Now both teams were into each other’s bullpens. Ozzie Albies flattened McRae’s hanging changeup on 1-2 and sent it into the left center field bleachers in the bottom of the third. If McRae was trying to take one for his team, what he took was almost cruel and unusual punishment when he walked Swanson to open the Atlanta fourth and Freddie Freeman drove a 2-1 fastball not far from where Acuna’s salami landed.
Geoff Hartleib had the dubious pleasure of seeing the score swell to 9-4 when Nick Markakis drove home his 1,000th career run on a single up the pipe. His teammates toasted him after the game. “It just means I’m getting old,” Markakis cracked to reporters.
Albies made it 10-4 in the seventh with a solo over the center field fence. Marte saw him leading off the top of the eighth with a first pitch bomb off former Met Jerry Blevins. Later in the inning, with Dan Winkler having relieved Blevins, pinch hitter Corey Dickerson shot a two-run single to make it 10-7.
So, naturally, in the bottom of the eighth, Johan Comargo, who’d replaced Donaldson after the jersey brush, singled Swanson home before Markakis, apparently deciding he wasn’t getting that old, hit a two-run homer. And Jacob Webb shook off a two-out walk to sink the Pirates in the top of the ninth.
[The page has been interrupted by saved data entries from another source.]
lemma has_derivative_prod_coordinates:
  assumes "\<And>i. f i \<in> Cinf1"
  shows "((\<lambda>x::R4. \<Prod>i\<in>UNIV. f i (x $ i)) has_derivative
     (\<lambda>h. \<Sum>i\<in>UNIV. deriv1 (f i) (y $ i) * h $ i * (\<Prod>j\<in>UNIV - {i}. f j (y $ j)))) (at y)"
proof (rule has_derivative_prod)
  fix i
  have "((\<lambda>x::R4. x $ i) has_derivative (\<lambda>h. h $ i)) (at y)"
    by (rule bounded_linear_imp_has_derivative) (rule bounded_linear_vec_nth)
  moreover have "(f i has_derivative (*) (deriv1 (f i) (y $ i))) (at (y $ i))"
    by (rule has_field_derivative_imp_has_derivative[OF Cinf1_deriv1(2)[OF assms]])
  ultimately show "((\<lambda>x. f i (x $ i)) has_derivative (\<lambda>h. deriv1 (f i) (y $ i) * h $ i)) (at y)"
    by (rule has_derivative_compose)
qed

lemma pd_prod_coordinates:
  assumes "\<And>i. f i \<in> Cinf1"
  shows "pd k (\<lambda>x::R4. \<Prod>i\<in>UNIV. f i (x $ i)) y = (\<Prod>i\<in>UNIV. (f(k := deriv1 (f k))) i (y $ i))"
proof -
  have "pd k (\<lambda>x::R4. \<Prod>i\<in>UNIV. f i (x $ i)) y =
     (\<Sum>i\<in>UNIV. deriv1 (f i) (y $ i) * (axis k 1 :: R4) $ i * (\<Prod>j\<in>UNIV - {i}. f j (y $ j)))"
    unfolding pd_def frechet_derivative_at[OF has_derivative_prod_coordinates[OF assms], symmetric] ..
  also have "\<dots> = (\<Sum>i\<in>UNIV. if i = k then deriv1 (f k) (y $ k) * (\<Prod>j\<in>UNIV - {k}. f j (y $ j)) else 0)"
    by (rule sum.cong) (auto simp: axis_def)
  also have "\<dots> = deriv1 (f k) (y $ k) * (\<Prod>j\<in>UNIV - {k}. f j (y $ j))"
    by simp
  also have "\<dots> = (\<Prod>i\<in>UNIV. (f(k := deriv1 (f k))) i (y $ i))"
    by (simp add: prod.remove[of UNIV k])
  finally show ?thesis .
qed
lemma u_derivative:
  assumes "s \<in> I"
  shows "(u has_vector_derivative sigma_v G K T s *\<^sub>R (K s *\<^sub>R xi s + T s *\<^sub>R mu s)) (at s)"
proof -
  define W where "W = deriv T s * K s - T s * deriv K s"
  have nonzero: "(T s, K s) \<noteq> (0, 0)" "(K s, T s) \<noteq> (0, 0)"
    using T_K_nonzero assms by auto
  have T_ratio: "((\<lambda>t. T t / r t) has_real_derivative K s * W / r s ^ 3) (at s)"
    using has_real_derivative_div_sqrt_sum_squares[OF T_derivative[OF assms] K_derivative[OF assms] nonzero(1)]
    by (simp add: r_def[abs_def] W_def)
  have "r = (\<lambda>t. sqrt ((K t)\<^sup>2 + (T t)\<^sup>2))"
    by (simp add: r_def[abs_def] add.commute)
  then have K_ratio: "((\<lambda>t. K t / r t) has_real_derivative - T s * W / r s ^ 3) (at s)"
    using has_real_derivative_div_sqrt_sum_squares[OF K_derivative[OF assms] T_derivative[OF assms] nonzero(2)]
    by (simp add: W_def algebra_simps)
  have "(u has_vector_derivative
      ((T s / r s) *\<^sub>R (G s *\<^sub>R mu s + K s *\<^sub>R v s) + (K s * W / r s ^ 3) *\<^sub>R xi s)
      - ((K s / r s) *\<^sub>R (- G s *\<^sub>R xi s + T s *\<^sub>R v s) + (- T s * W / r s ^ 3) *\<^sub>R mu s)) (at s)"
    unfolding u_def[abs_def]
    by (intro derivative_intros T_ratio K_ratio xi_derivative mu_derivative assms)
  moreover have "((T s / r s) *\<^sub>R (G s *\<^sub>R mu s + K s *\<^sub>R v s) + (K s * W / r s ^ 3) *\<^sub>R xi s)
      - ((K s / r s) *\<^sub>R (- G s *\<^sub>R xi s + T s *\<^sub>R v s) + (- T s * W / r s ^ 3) *\<^sub>R mu s)
      = sigma_v G K T s *\<^sub>R (K s *\<^sub>R xi s + T s *\<^sub>R mu s)"
    by (simp add: sigma_v_eq[OF assms] W_def algebra_simps)
      (simp add: scaleR_add_left[symmetric] add_divide_distrib[symmetric])
  ultimately show ?thesis
    by simp
qed

lemma helix_axis_orthogonal:
  assumes "v_helix_with I v d \<omega>" "s \<in> I"
  shows "K s * (xi s \<bullet> d) + T s * (mu s \<bullet> d) = 0"
proof -
  have "((\<lambda>t. v t \<bullet> d) has_real_derivative - (K s *\<^sub>R xi s + T s *\<^sub>R mu s) \<bullet> d) (at s)"
    by (rule has_real_derivative_inner_const[OF v_derivative[OF assms(2)]])
  then have "- (K s *\<^sub>R xi s + T s *\<^sub>R mu s) \<bullet> d = 0"
    by (rule derivative_eq_0_if_constant_on_open[OF _ open_domain assms(2)])
      (use assms(1) in \<open>simp add: v_helix_with_def\<close>)
  then show ?thesis
    by (simp add: inner_diff_left)
qed

lemma helix_axis_orthogonal_derivative:
  assumes "v_helix_with I v d \<omega>" "s \<in> I"
  shows "(deriv K s - T s * G s) * (xi s \<bullet> d) + (deriv T s + K s * G s) * (mu s \<bullet> d)
    + (r s)\<^sup>2 * cos \<omega> = 0"
proof -
  have "((\<lambda>t. (K t *\<^sub>R xi t + T t *\<^sub>R mu t) \<bullet> d) has_real_derivative
      (K s *\<^sub>R (G s *\<^sub>R mu s + K s *\<^sub>R v s) + deriv K s *\<^sub>R xi s
       + (T s *\<^sub>R (- G s *\<^sub>R xi s + T s *\<^sub>R v s) + deriv T s *\<^sub>R mu s)) \<bullet> d) (at s)"
    by (intro has_real_derivative_inner_const derivative_intros
        K_derivative T_derivative xi_derivative mu_derivative assms(2))
  then have "(K s *\<^sub>R (G s *\<^sub>R mu s + K s *\<^sub>R v s) + deriv K s *\<^sub>R xi s
       + (T s *\<^sub>R (- G s *\<^sub>R xi s + T s *\<^sub>R v s) + deriv T s *\<^sub>R mu s)) \<bullet> d = 0"
    by (rule derivative_eq_0_if_constant_on_open[OF _ open_domain assms(2)])
      (use helix_axis_orthogonal[OF assms(1)] in \<open>simp add: inner_add_left\<close>)
  moreover have "v s \<bullet> d = cos \<omega>"
    using assms by (simp add: v_helix_with_def)
  ultimately show ?thesis
    unfolding r_power2 by (simp add: algebra_simps power2_eq_square)
qed

lemma helix_u_component_cos_sin:
  assumes "v_helix_with I v d \<omega>" "s \<in> I"
  shows "cos \<omega> = (u s \<bullet> d) * sigma_v G K T s" "(u s \<bullet> d)\<^sup>2 = (sin \<omega>)\<^sup>2"
proof -
  define a b m where "a = xi s \<bullet> d" and "b = mu s \<bullet> d" and "m = u s \<bullet> d"
  have r: "r s > 0" "(r s)\<^sup>2 = (T s)\<^sup>2 + (K s)\<^sup>2"
    using r_pos[OF assms(2)] r_power2 by simp_all
  have orth: "K s * a + T s * b = 0"
    using helix_axis_orthogonal[OF assms] by (simp add: a_def b_def)
  have m: "a * T s - b * K s = m * r s"
    using inner_u_times_r[OF assms(2), of d] by (simp add: a_def b_def m_def algebra_simps)
  define p q where "p = deriv K s - T s * G s" and "q = deriv T s + K s * G s"
  have "p * a + q * b = - (r s)\<^sup>2 * cos \<omega>"
    using helix_axis_orthogonal_derivative[OF assms] by (simp add: p_def q_def a_def b_def)
  moreover have "sigma_v G K T s * r s ^ 3 = deriv T s * K s - T s * deriv K s + (r s)\<^sup>2 * G s"
    using r(1) by (simp add: sigma_v_eq[OF assms(2)] field_simps power2_eq_square power3_eq_cube)
  then have "p * T s - q * K s = - sigma_v G K T s * r s ^ 3"
    unfolding r(2) by (simp add: p_def q_def algebra_simps power2_eq_square)
  ultimately have "(r s)\<^sup>2 * (- (r s)\<^sup>2 * cos \<omega>) = (m * r s) * (- sigma_v G K T s * r s ^ 3)"
    using inner_orthogonal_2d[OF orth, of p q] m r(2) by simp
  then show "cos \<omega> = m * sigma_v G K T s"
    using r(1) by (simp add: power2_eq_square power3_eq_cube)
  have "(r s)\<^sup>2 * (a\<^sup>2 + b\<^sup>2) = (a * T s - b * K s)\<^sup>2"
    unfolding r(2) using inner_orthogonal_2d[OF orth, of a b] by (simp add: power2_eq_square)
  then have "(r s)\<^sup>2 * (a\<^sup>2 + b\<^sup>2) = (r s)\<^sup>2 * m\<^sup>2"
    by (simp add: m power_mult_distrib)
  then have "m\<^sup>2 = a\<^sup>2 + b\<^sup>2"
    using r(1) by (simp add: power_mult_distrib)
  also have "\<dots> = 1 - (cos \<omega>)\<^sup>2"
    using sum_power2_inner_frame[OF assms(2), of d] assms
    by (simp add: a_def b_def v_helix_with_def inner_commute)
  finally show "m\<^sup>2 = (sin \<omega>)\<^sup>2"
    by (simp add: sin_squared_eq)
qed

lemma helix_u_component_constant:
  assumes "v_helix_with I v d \<omega>"
  obtains m where "\<And>s. s \<in> I \<Longrightarrow> u s \<bullet> d = m"
proof -
  have "((\<lambda>t. u t \<bullet> d) has_real_derivative 0) (at s within I)" if "s \<in> I" for s
  proof -
    have "((\<lambda>t. u t \<bullet> d) has_real_derivative
        sigma_v G K T s * (K s * (xi s \<bullet> d) + T s * (mu s \<bullet> d))) (at s)"
      using has_real_derivative_inner_const[OF u_derivative[OF that], of d]
      by (simp add: inner_add_left algebra_simps)
    then show ?thesis
      using helix_axis_orthogonal[OF assms that] by (simp add: has_field_derivative_at_within)
  qed
  from has_field_derivative_zero_constant[OF is_interval_convex[OF interval_domain] this]
  show ?thesis
    using that by auto
qed

lemma helix_cot_eq_sigma_v:
  assumes "v_helix_with I v d \<omega>"
  shows "(\<forall>s\<in>I. cot \<omega> = sigma_v G K T s) \<or> (\<forall>s\<in>I. cot \<omega> = - sigma_v G K T s)"
proof -
  obtain m where m: "\<And>s. s \<in> I \<Longrightarrow> u s \<bullet> d = m"
    using helix_u_component_constant[OF assms] by blast
  obtain s0 where "s0 \<in> I"
    using nonempty_domain by blast
  then have m_sin: "m\<^sup>2 = (sin \<omega>)\<^sup>2"
    using helix_u_component_cos_sin(2)[OF assms] m by metis
  have cos: "cos \<omega> = m * sigma_v G K T s" if "s \<in> I" for s
    using helix_u_component_cos_sin(1)[OF assms that] m[OF that] by simp
  have "sin \<omega> \<noteq> 0"
  proof
    assume "sin \<omega> = 0"
    then have "cos \<omega> = 0"
      using m_sin cos[OF \<open>s0 \<in> I\<close>] by simp
    with \<open>sin \<omega> = 0\<close> show False
      using sin_cos_squared_add[of \<omega>] by simp
  qed
  moreover have "m = sin \<omega> \<or> m = - sin \<omega>"
    using m_sin by (simp add: power2_eq_iff)
  ultimately show ?thesis
    using cos by (auto simp: cot_def)
qed

lemma sigma_v_constant_if_helix:
  assumes "v_helix_with I v d \<omega>"
  shows "\<exists>c. \<forall>s\<in>I. sigma_v G K T s = c"
  using helix_cot_eq_sigma_v[OF assms]
proof
  assume "\<forall>s\<in>I. cot \<omega> = sigma_v G K T s"
  then show ?thesis by metis
next
  assume "\<forall>s\<in>I. cot \<omega> = - sigma_v G K T s"
  then have "\<forall>s\<in>I. sigma_v G K T s = - cot \<omega>" by auto
  then show ?thesis by blast
qed
(* Let $V$ be a crossed module and $M$ an abelian $\pi_0(V)$-module. Then $H^1(V,M)\cong H^1(\pi_0(V),M)$.
   Context: A crossed module $V$: group $G_V$, group $M_V$ with left $G_V$-action ${}^gm$, homomorphism $\mu:M_V\to G_V$ with $\mu({}^gm)=g\mu(m)g^{-1}$ and ${}^{\mu(n)}m=nmn^{-1}$; $\pi_0(V)=G_V/\mu(M_V)$, $\bar g$ the class of $g$. The cochain complex of $V$ with coefficients in $M$ begins $C^0=M$, $C^1=\mathrm{Map}(G_V,M)$, $C^2=\mathrm{Map}(M_V\times G_V\times G_V,M)$ with $(dc)(g)=c-\bar g\cdot c$ and $(dc)(m,h,g)=c(\mu(m)h)-c(hg)+\bar h\cdot c(g)$; $H^1(V,M)$ is its first cohomology. $H^1(\pi_0(V),M)$ is ordinary group cohomology. *)

theory Defs
  imports "HOL-Algebra.Algebra" "HOL-Library.FuncSet"
begin

definition crossed_module ::
  "('g, 'x) monoid_scheme \<Rightarrow> ('m, 'y) monoid_scheme \<Rightarrow> ('g \<Rightarrow> 'm \<Rightarrow> 'm) \<Rightarrow> ('m \<Rightarrow> 'g) \<Rightarrow> bool"
where
  "crossed_module G Mv act mu \<longleftrightarrow>
     group G \<and> group Mv \<and> mu \<in> hom Mv G \<and>
     (\<forall>g\<in>carrier G. act g \<in> hom Mv Mv) \<and>
     (\<forall>m\<in>carrier Mv. act \<one>\<^bsub>G\<^esub> m = m) \<and>
     (\<forall>g\<in>carrier G. \<forall>h\<in>carrier G. \<forall>m\<in>carrier Mv.
        act (g \<otimes>\<^bsub>G\<^esub> h) m = act g (act h m)) \<and>
     (\<forall>g\<in>carrier G. \<forall>m\<in>carrier Mv.
        mu (act g m) = g \<otimes>\<^bsub>G\<^esub> mu m \<otimes>\<^bsub>G\<^esub> inv\<^bsub>G\<^esub> g) \<and>
     (\<forall>n\<in>carrier Mv. \<forall>m\<in>carrier Mv.
        act (mu n) m = n \<otimes>\<^bsub>Mv\<^esub> m \<otimes>\<^bsub>Mv\<^esub> inv\<^bsub>Mv\<^esub> n)"

definition pi0 :: "('g, 'x) monoid_scheme \<Rightarrow> ('m, 'y) monoid_scheme \<Rightarrow> ('m \<Rightarrow> 'g) \<Rightarrow> 'g set monoid"
  where "pi0 G Mv mu = G Mod (mu ` carrier Mv)"

definition cls :: "('g, 'x) monoid_scheme \<Rightarrow> ('m, 'y) monoid_scheme \<Rightarrow> ('m \<Rightarrow> 'g) \<Rightarrow> 'g \<Rightarrow> 'g set"
  where "cls G Mv mu g = (mu ` carrier Mv) #>\<^bsub>G\<^esub> g"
“Musgrove and Donaldson have no particular history, and these teams are not rivals,” wrote Deadspin‘s Chris Thompson, who called Musgrove and Donaldson steakheads for their trouble. “And the ball that ‘hit’ Donaldson didn’t actually hit him at all. There was no reason for anyone involved to feel proud or pissed or slighted or triumphant, at all.”
But maybe, just maybe, Donaldson wasn’t as much of a steakhead as he looked.